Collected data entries
────

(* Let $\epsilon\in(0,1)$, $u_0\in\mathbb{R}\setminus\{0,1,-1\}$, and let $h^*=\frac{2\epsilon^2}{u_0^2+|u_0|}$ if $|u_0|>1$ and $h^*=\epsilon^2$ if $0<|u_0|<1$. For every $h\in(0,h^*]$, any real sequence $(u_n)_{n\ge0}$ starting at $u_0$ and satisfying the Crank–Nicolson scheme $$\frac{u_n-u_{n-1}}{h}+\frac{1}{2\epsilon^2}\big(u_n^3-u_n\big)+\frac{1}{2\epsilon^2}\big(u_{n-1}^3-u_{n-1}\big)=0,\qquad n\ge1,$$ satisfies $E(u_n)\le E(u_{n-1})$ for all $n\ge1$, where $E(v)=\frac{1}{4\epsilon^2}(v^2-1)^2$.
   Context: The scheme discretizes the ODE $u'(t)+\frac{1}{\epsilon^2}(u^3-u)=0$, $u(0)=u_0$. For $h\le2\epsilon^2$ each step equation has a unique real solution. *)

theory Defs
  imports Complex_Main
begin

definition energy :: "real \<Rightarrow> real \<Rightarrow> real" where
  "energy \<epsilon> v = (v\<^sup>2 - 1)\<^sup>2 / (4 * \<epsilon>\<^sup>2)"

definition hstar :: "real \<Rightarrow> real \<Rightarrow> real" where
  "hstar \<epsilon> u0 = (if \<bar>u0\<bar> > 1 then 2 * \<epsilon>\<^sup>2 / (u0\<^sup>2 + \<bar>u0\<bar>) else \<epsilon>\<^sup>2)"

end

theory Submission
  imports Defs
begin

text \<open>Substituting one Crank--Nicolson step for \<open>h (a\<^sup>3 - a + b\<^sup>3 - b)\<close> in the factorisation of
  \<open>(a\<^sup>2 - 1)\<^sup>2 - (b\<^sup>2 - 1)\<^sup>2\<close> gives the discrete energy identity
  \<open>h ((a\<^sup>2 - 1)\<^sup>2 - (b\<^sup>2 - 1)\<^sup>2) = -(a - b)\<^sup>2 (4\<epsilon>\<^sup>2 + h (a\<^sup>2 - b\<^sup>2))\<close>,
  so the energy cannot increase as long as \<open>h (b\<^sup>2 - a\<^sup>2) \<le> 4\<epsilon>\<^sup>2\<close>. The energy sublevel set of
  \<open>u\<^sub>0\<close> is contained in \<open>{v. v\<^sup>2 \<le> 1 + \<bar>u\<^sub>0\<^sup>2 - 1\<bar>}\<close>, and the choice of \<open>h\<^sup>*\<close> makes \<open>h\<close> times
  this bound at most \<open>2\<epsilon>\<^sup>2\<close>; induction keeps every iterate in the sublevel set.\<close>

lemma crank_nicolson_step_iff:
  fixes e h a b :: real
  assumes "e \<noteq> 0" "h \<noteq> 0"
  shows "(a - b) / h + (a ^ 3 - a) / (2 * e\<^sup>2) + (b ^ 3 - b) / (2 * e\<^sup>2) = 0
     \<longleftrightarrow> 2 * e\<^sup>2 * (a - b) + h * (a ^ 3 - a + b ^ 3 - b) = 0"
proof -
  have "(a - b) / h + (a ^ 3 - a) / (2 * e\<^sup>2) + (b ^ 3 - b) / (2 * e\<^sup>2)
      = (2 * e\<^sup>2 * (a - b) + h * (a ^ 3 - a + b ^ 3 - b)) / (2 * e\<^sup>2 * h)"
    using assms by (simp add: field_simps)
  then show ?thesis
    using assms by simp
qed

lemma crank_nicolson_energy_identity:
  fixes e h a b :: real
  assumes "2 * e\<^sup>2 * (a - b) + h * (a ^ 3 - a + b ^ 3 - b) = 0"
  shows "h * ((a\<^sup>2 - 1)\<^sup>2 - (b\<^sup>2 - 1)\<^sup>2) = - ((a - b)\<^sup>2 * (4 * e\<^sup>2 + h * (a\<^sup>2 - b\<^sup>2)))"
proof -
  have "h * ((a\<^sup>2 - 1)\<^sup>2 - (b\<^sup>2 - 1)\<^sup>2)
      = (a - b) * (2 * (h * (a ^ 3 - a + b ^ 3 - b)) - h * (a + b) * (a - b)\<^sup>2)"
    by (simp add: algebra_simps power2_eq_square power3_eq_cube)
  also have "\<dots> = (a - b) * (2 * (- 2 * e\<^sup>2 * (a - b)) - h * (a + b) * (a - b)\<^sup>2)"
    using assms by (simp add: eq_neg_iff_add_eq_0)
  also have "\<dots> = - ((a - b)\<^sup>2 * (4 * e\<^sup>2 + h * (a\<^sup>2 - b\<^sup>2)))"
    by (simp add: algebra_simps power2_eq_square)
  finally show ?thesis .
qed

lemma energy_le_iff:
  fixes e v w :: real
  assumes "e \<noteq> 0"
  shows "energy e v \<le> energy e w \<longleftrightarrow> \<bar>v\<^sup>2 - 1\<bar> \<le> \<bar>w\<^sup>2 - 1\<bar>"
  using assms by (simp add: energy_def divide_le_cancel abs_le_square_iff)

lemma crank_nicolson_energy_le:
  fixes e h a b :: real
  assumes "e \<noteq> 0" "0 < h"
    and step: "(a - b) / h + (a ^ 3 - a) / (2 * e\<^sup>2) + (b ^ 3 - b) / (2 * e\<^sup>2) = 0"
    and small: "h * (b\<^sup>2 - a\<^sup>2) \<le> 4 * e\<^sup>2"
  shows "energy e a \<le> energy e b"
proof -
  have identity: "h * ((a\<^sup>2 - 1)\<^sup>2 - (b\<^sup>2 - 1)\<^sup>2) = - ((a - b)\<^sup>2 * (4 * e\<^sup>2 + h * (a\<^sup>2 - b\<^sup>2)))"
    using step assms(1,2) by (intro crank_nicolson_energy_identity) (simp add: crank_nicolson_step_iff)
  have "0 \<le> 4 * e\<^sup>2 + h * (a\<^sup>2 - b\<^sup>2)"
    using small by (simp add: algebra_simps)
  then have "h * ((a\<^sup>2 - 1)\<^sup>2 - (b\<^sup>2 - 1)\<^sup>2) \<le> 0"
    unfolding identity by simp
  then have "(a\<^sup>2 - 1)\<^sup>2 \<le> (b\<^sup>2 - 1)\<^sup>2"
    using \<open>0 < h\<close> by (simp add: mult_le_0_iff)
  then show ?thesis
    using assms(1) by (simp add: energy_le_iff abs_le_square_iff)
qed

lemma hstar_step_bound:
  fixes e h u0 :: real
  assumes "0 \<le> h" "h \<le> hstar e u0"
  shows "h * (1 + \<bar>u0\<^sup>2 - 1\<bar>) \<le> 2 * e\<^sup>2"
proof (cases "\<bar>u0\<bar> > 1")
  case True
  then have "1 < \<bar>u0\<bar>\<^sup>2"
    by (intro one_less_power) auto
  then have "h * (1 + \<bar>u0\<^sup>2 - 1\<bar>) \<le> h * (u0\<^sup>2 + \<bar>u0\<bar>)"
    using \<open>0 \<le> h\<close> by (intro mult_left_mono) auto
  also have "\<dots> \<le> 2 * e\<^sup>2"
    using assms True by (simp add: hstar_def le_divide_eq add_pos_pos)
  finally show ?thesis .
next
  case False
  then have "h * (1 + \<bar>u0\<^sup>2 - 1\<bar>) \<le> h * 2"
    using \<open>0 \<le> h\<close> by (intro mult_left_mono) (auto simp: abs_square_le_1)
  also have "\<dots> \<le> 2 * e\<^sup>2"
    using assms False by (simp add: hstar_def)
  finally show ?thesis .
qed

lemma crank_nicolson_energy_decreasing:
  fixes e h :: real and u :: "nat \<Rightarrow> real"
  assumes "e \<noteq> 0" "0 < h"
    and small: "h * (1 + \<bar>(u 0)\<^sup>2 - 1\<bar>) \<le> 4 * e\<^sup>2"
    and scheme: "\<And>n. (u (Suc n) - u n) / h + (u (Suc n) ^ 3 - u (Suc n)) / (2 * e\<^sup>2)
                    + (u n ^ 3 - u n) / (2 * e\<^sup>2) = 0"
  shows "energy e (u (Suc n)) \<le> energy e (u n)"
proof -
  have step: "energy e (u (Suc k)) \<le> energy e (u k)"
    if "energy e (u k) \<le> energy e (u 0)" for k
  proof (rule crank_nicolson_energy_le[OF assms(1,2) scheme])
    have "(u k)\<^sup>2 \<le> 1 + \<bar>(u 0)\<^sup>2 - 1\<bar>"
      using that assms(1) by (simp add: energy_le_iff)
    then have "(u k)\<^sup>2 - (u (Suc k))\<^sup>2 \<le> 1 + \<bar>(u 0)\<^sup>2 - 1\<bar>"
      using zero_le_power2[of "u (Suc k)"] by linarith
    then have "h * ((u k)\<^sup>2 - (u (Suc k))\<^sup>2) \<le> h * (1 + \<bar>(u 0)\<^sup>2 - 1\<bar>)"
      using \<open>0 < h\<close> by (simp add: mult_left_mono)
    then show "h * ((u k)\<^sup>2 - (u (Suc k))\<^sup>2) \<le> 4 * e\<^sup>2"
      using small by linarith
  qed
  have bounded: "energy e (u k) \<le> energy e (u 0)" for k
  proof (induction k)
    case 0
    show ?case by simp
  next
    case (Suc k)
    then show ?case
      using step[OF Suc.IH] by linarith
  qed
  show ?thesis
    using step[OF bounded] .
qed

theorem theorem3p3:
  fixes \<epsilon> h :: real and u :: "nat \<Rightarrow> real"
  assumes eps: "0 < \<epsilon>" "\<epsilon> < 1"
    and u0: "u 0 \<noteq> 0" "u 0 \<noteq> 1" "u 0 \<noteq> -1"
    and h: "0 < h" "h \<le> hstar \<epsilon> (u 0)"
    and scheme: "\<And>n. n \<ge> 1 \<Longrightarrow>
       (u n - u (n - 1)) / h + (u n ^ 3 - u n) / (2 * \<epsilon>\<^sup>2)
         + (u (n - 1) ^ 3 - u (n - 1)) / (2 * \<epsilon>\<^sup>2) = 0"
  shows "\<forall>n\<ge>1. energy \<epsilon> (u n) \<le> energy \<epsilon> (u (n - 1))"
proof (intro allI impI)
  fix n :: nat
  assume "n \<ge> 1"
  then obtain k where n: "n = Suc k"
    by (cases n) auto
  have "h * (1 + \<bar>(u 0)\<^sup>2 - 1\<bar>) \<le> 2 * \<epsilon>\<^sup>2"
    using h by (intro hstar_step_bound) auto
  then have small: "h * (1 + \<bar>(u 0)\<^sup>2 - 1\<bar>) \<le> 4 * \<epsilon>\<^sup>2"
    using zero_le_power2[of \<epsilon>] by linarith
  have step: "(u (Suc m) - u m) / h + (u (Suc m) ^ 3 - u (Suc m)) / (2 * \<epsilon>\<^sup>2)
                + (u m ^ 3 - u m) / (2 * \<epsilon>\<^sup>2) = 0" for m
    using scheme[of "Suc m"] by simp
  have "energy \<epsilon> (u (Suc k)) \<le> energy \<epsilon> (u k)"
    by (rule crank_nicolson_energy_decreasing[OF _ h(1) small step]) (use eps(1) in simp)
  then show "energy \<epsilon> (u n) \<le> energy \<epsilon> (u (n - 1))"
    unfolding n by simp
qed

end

────

> **THE PROBLEM**
What lines of the preceding data include the string "noteq"? Pull them out.

> **REPLY TO THE EXERCISE**
  assumes "e \<noteq> 0" "h \<noteq> 0"
  assumes "e \<noteq> 0"
  assumes "e \<noteq> 0" "0 < h"
  assumes "e \<noteq> 0" "0 < h"
    and u0: "u 0 \<noteq> 0" "u 0 \<noteq> 1" "u 0 \<noteq> -1"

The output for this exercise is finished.